7- Il motivo che precede sub k) è infondato perchè non intacca il nucleo irriducibile delle considerazioni
svolte dai giudici del merito, che esattamente hanno qualificato il delitto come violazione dell'art. 640 bis
c.p. - e non dell'art. 316 ter c.p. - atteso l'elemento specializzante dell'induzione in errore della p.a.
attraverso artifici e raggiri, come descritti nel capo d'accusa (per la distinzione tra le due figure cfr., ex aliis,
Cass.
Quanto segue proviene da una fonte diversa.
lemma eventually_mult_abs_less:
  fixes C r :: real
  assumes "r > 0"
  shows "\<forall>\<^sub>F l in nhds 0. C * \<bar>l\<bar> < r"
  unfolding eventually_nhds_metric
proof (intro exI[of _ "r / (\<bar>C\<bar> + 1)"] conjI allI impI)
  show "r / (\<bar>C\<bar> + 1) > 0"
    using assms by simp
  fix l :: real assume "dist l 0 < r / (\<bar>C\<bar> + 1)"
  then have "\<bar>l\<bar> * (\<bar>C\<bar> + 1) < r"
    by (simp add: pos_less_divide_eq)
  moreover have "C * \<bar>l\<bar> \<le> \<bar>C\<bar> * \<bar>l\<bar>"
    by (simp add: mult_right_mono)
  then have "C * \<bar>l\<bar> \<le> \<bar>l\<bar> * (\<bar>C\<bar> + 1)"
    by (simp add: algebra_simps)
  ultimately show "C * \<bar>l\<bar> < r"
    by linarith
qed

lemma eventually_sum_le_bound:
  fixes g :: "'i \<Rightarrow> 'z \<Rightarrow> real"
  assumes "finite I" "\<And>i. i \<in> I \<Longrightarrow> \<exists>M. \<forall>\<^sub>F z in F. \<bar>g i z\<bar> \<le> M * B z"
  shows "\<exists>M. \<forall>\<^sub>F z in F. \<bar>\<Sum>i\<in>I. g i z\<bar> \<le> M * B z"
  using assms
proof (induction I rule: finite_induct)
  case empty
  show ?case by (intro exI[of _ 0]) simp
next
  case (insert a I)
  obtain M1 where "\<forall>\<^sub>F z in F. \<bar>g a z\<bar> \<le> M1 * B z"
    using insert.prems by blast
  moreover obtain M2 where "\<forall>\<^sub>F z in F. \<bar>\<Sum>i\<in>I. g i z\<bar> \<le> M2 * B z"
    using insert.IH insert.prems by blast
  ultimately have "\<forall>\<^sub>F z in F. \<bar>\<Sum>i\<in>insert a I. g i z\<bar> \<le> (M1 + M2) * B z"
  proof eventually_elim
    case (elim z)
    have "\<bar>\<Sum>i\<in>insert a I. g i z\<bar> \<le> \<bar>g a z\<bar> + \<bar>\<Sum>i\<in>I. g i z\<bar>"
      using insert.hyps abs_triangle_ineq by simp
    with elim show ?case
      by (simp add: distrib_right)
  qed
  then show ?case by blast
qed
Sez. 2^ n. 45422 del 25.11.08, dep. 5.12.08, rv. 242302).
E' indubbio che il simulare aumenti di capitale, acquisti di immobili ed assunzione di personale costituisce
condotta artificiosa tale da indurre in errore l'amministrazione circa la reale consistenza imprenditoriale della
società richiedente e, così, da integrare gli estremi della truffa p. e p. ex art. 640 bis c.p..
8- Ancora da disattendersi è il motivo che precede sub 1), vista la sostanziale genericità dei motivi d'appello
con cui si invocava la concessione delle attenuanti dell'art. 62 bis c.p. e una riduzione della pena a fronte
dell'adeguata motivazione sul punto resa dalla sentenza di prime cure: in proposito va ricordato che, per
costante insegnamento di questa S.C., la genericità del motivo d'appello esime il giudice dell'impugnazione
dal motivare su di esso.
9- Anche l'ultimo motivo di ricorso è privo di fondamento: una volta fissata al 22.7.02 la data di percezione
dell'ultima franche di finanziamento e, con essa, la consumazione del delitto (alla stregua delle
considerazioni sopra svolte), la relativa prescrizione sarebbe maturata soltanto il 13.7.10, dovendosi la durata
massima della prescrizione (pari ad anni 7 e mesi 6) aumentarsi di complessivi mesi 5 e giorni 22 pari al
complessivo periodo di sospensioni intervenuto nel corso del giudizio di primo grado e di cui espressamente
si legge nella gravata pronuncia (senza che in proposito gli odierni ricorrenti abbiano mosso censure di
sorta).
L'assunto secondo cui ai fini della prescrizione si dovrebbe avere riguardo all'epoca in cui si sono esaurite le
singole condotte addebitate ai ricorrenti anzichè a quella di percezione dell'ultima tronche di finanziamento e, quindi, di consumazione del reato - collide con la giurisprudenza sopra ricordata, oltre che con la regola
generale di cui all'art. 158 c.p., comma 1, che aggancia al momento di cessazione dell'attività del colpevole
solo la prescrizione del delitto tentato.
10- In conclusione, tutti i ricorsi sono da rigettarsi.
Ex art. 616 c.p.p. consegue la condanna dei ricorrenti alle spese processuali.
P.Q.M.
La Corte Suprema di Cassazione, Sezione Seconda Penale, rigetta i ricorsi e condanna i ricorrenti al
pagamento delle spese processuali.
Così deciso in Roma, il 9 luglio 2010.